Saved entries:
+---+
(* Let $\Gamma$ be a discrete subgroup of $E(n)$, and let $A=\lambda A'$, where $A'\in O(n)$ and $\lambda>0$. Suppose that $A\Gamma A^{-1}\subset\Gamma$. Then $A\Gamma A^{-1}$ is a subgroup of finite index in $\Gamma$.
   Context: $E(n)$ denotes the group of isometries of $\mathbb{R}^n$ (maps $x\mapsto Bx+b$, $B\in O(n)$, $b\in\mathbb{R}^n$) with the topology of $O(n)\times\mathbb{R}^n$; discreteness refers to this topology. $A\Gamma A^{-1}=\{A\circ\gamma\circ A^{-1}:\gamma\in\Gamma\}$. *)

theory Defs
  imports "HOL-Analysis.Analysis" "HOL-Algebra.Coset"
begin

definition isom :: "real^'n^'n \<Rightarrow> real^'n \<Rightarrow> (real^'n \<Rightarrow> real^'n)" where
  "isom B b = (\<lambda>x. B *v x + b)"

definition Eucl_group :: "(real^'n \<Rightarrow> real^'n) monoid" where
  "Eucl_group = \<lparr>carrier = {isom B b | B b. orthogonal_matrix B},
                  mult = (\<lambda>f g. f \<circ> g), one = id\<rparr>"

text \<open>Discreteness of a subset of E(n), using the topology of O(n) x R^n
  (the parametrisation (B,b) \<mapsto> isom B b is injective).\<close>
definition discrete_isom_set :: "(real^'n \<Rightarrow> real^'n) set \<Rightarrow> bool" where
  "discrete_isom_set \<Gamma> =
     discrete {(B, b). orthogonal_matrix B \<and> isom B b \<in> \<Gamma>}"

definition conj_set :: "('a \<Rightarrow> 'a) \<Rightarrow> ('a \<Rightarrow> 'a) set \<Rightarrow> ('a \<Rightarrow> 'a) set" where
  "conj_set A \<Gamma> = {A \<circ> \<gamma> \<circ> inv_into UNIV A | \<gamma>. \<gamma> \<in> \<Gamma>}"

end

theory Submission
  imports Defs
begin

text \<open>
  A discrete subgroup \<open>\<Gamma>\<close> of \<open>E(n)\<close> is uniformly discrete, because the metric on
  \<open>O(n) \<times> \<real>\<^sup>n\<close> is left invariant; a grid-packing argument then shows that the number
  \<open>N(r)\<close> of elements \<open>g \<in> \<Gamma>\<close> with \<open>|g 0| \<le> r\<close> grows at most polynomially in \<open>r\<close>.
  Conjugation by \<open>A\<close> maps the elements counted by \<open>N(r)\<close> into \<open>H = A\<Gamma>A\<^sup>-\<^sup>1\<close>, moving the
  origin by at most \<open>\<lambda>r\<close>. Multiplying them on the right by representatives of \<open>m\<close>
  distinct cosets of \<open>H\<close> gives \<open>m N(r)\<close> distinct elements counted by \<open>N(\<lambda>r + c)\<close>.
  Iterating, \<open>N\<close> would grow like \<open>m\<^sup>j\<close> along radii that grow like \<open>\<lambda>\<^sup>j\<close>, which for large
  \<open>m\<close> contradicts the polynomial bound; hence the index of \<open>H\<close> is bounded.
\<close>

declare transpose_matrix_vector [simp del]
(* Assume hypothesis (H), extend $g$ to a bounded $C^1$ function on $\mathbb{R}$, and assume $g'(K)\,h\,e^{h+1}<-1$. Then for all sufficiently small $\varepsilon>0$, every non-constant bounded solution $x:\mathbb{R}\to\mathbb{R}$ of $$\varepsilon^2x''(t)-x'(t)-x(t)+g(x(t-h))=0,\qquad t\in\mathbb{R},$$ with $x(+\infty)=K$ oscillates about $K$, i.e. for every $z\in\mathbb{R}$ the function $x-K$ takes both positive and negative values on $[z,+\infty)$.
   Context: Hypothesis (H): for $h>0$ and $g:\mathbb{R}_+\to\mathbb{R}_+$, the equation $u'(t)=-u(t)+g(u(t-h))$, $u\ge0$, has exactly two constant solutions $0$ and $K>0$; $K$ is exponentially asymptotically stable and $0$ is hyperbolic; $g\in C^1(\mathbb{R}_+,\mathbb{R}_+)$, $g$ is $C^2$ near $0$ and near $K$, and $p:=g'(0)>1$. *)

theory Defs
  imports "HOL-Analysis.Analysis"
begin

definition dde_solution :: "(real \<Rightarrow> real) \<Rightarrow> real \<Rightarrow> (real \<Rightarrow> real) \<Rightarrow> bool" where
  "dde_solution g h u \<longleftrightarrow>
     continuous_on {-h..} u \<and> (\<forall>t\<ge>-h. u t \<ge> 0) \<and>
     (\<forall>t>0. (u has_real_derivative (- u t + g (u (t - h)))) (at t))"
+---+
EXERCISE BRIEF:
In the reply, include exactly the lines from the beginning of the entries above through the line holding "real^'n \<Rightarrow> (real^'n", and nothing besides.

ANSWER TO THIS TASK:
(* Let $\Gamma$ be a discrete subgroup of $E(n)$, and let $A=\lambda A'$, where $A'\in O(n)$ and $\lambda>0$. Suppose that $A\Gamma A^{-1}\subset\Gamma$. Then $A\Gamma A^{-1}$ is a subgroup of finite index in $\Gamma$.
   Context: $E(n)$ denotes the group of isometries of $\mathbb{R}^n$ (maps $x\mapsto Bx+b$, $B\in O(n)$, $b\in\mathbb{R}^n$) with the topology of $O(n)\times\mathbb{R}^n$; discreteness refers to this topology. $A\Gamma A^{-1}=\{A\circ\gamma\circ A^{-1}:\gamma\in\Gamma\}$. *)

theory Defs
  imports "HOL-Analysis.Analysis" "HOL-Algebra.Coset"
begin

definition isom :: "real^'n^'n \<Rightarrow> real^'n \<Rightarrow> (real^'n \<Rightarrow> real^'n)" where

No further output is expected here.